Burdening future generations with massive debt is fundamentally wrong / by kevin murray

Currently, the United States has little or no interest in getting its fiscal house in order, as demonstrated by the massive fiscal deficits it consistently incurs, year in and year out.  This is especially disappointing because the way that debt works, when the reckoning of such is thereby postponed and thus kicked down the road, again and again, is that today’s generation gets to have all the advantages of that money not having been paid back. In contrast, the future generation is stuck having to pay the bill, which is ethically wrong.

 In actuality, a responsible government would understand well that it should pay what it so owes on a current basis, which would thereby be fair to the current generation, as well as to future generations, but this, regrettably, is not being done.  Instead, something awful is happening, in which those even yet unborn will subsequently be born having to honor debt which they did nothing to incur, but yet it will be their responsibility to discharge that debt, or suffer the ill consequences of a nation that is, for all practical purposes, insolvent.

 In truth, each generation should prudently manage its affairs, and when spending far exceeds the receipts received from taxation and the like, then hard decisions are going to have to be made, in the here and now, as opposed to burdening future generations with having to deal with that which they had no part or say in.  That is to say, it wouldn’t be right for our parents, to live high on the hog, and then when the bill came due, to pass it onto their children, but that essentially is what is happening here in America, because our governance has not the courage or the integrity to get its house in order.  After all, there isn’t anything easier to do than passing out benefits for all sorts of wonderful things, without requiring that the general public fairly pay for those benefits, presently..

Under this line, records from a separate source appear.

lemma hinner_W_A_V_eq_triT:
  assumes i: "i \<in> {1..n}" and j: "j \<in> {1..n}"
  shows "hinner (W i) (tvec A (V j)) = triT A v w \<gamma> n i j"
proof -
  obtain a where a: "i = Suc a" using i by (cases i) auto
  obtain b where b: "j = Suc b" using j by (cases j) auto
  consider "i = j" | "i < j" | "j < i" by linarith
  then show ?thesis
  proof cases
    case 1
    then show ?thesis
      using i a hinner_W_A_V_diag[of a] by (simp add: triT_def)
  next
    case 2
    have inv: "invertible (\<gamma> (Suc (Suc a)))"
      using gamma_invertible by auto
    have "hinner (W i) (tvec A (V j)) = \<gamma> (Suc (Suc a)) ** hinner (W (Suc (Suc a))) (V j)
        + \<alpha> (Suc a) ** hinner (W (Suc a)) (V j) + \<beta> (Suc a) ** hinner (W a) (V j)"
      unfolding a hinner_dvec[symmetric] dvec_W_recurrence[OF inv]
      by (simp add: hinner_add_left hinner_scale_left)
    then show ?thesis
      using 2 i j a b by (simp add: triT_def hinner_W_V)
  next
    case 3
    have inv: "invertible (\<beta> (Suc (Suc b)))"
      using beta_invertible 3 a b i by auto
    have "hinner (W i) (tvec A (V j)) = hinner (W i) (V (Suc (Suc b))) ** \<beta> (Suc (Suc b))
        + hinner (W i) (V (Suc b)) ** \<alpha> (Suc b) + hinner (W i) (V b) ** \<gamma> (Suc b)"
      unfolding b tvec_V_recurrence[OF inv]
      by (simp add: hinner_add_right hinner_scale_right)
    then show ?thesis
      using 3 i j a b by (simp add: triT_def hinner_W_V)
  qed
qed

lemma tmul_basisW_basisV:
  "i \<in> {1..n} \<Longrightarrow> j \<in> {1..n} \<Longrightarrow>
    tmul (basisW A v w \<gamma> n) (basisV A v w \<gamma> n) i j = hinner (W i) (V j)"
  by (simp add: tmul_def basisW_def basisV_def hinner_def V_def W_def)

lemma tmul_basisW_A_basisV:
  "i \<in> {1..n} \<Longrightarrow> j \<in> {1..n} \<Longrightarrow>
    tmul (tmul (basisW A v w \<gamma> n) A) (basisV A v w \<gamma> n) i j = hinner (W i) (tvec A (V j))"
  by (simp add: tmul_assoc) (simp add: tmul_def basisW_def basisV_def hinner_def tvec_def V_def W_def)

end

theorem mainTheorem2:
  fixes A :: "'N::finite \<Rightarrow> 'N \<Rightarrow> complex^'m^'m"
    and v w :: "complex^'N"
    and \<gamma> :: "nat \<Rightarrow> complex^'m^'m"
    and n :: nat
  assumes wv: "(\<Sum>i\<in>UNIV. cnj (w $ i) * v $ i) = 1"
    and gam: "\<forall>k\<ge>2. invertible (\<gamma> k)"
    and n1: "n \<ge> 1"
    and bet: "\<forall>k\<in>{2..n}. invertible (lzbeta A v w \<gamma> k)"
  shows "(\<forall>j\<in>{1..n}. \<forall>k\<in>{1..n}.
            hinner (lzW A v w \<gamma> k) (lzV A v w \<gamma> j) = (if k = j then mat 1 else 0))
       \<and> (\<forall>i\<in>{1..n}. \<forall>j\<in>{1..n}.
            tmul (basisW A v w \<gamma> n) (basisV A v w \<gamma> n) i j = tid i j)
       \<and> spanR (lzV A v w \<gamma>) n = krylov A (kronI v) n
       \<and> spanL (lzW A v w \<gamma>) n = krylovD (kronI (\<chi> i. cnj (w $ i))) A n
       \<and> (\<forall>i\<in>{1..n}. \<forall>j\<in>{1..n}.
            tmul (tmul (basisW A v w \<gamma> n) A) (basisV A v w \<gamma> n) i j = triT A v w \<gamma> n i j)"
proof -
  interpret tensor_lanczos_regular A v w \<gamma> n
    using wv gam bet by unfold_locales
  have "hinner (lzW A v w \<gamma> k) (lzV A v w \<gamma> j) = (if k = j then mat 1 else 0)"
    if "j \<in> {1..n}" "k \<in> {1..n}" for j k
    using that hinner_W_V[of j k] by (simp add: V_def W_def)
  moreover have "tmul (basisW A v w \<gamma> n) (basisV A v w \<gamma> n) i j = tid i j"
    if "i \<in> {1..n}" "j \<in> {1..n}" for i j
    using that hinner_W_V[of j i] by (simp add: tmul_basisW_basisV tid_def)
  moreover have "tmul (tmul (basisW A v w \<gamma> n) A) (basisV A v w \<gamma> n) i j = triT A v w \<gamma> n i j"
    if "i \<in> {1..n}" "j \<in> {1..n}" for i j
    using that by (simp add: tmul_basisW_A_basisV hinner_W_A_V_eq_triT)
  ultimately show ?thesis
    using spanR_lzV_eq_krylov spanL_lzW_eq_krylovD by blast
qed

end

 To look upon America’s current national debt burden as no big deal is to view it wrongly, for there will come that time when the piper will have to be paid, and the payment really should come forth from those who have benefited from those monies so having been spent.  So too, people won’t really appreciate that things cost money if they aren’t ever held to account to pay for those things, and perhaps therefore to have to sacrifice something of their time and labor to duly pay for such.

 Look, it has to be said, running massive deficits reflects a nation that has little or no discipline, and is clearly afraid to burden its citizens with the real cost of things, for it fears the response from such.  Nobody, really likes to have to tighten their belt, but the bottom line is that monies spent, wisely or poorly, produces a mandatory bill, and that bill needs to be paid by those that were part and parcel of when that money was spent, which is not only the right thing to do, but the fair thing, as well.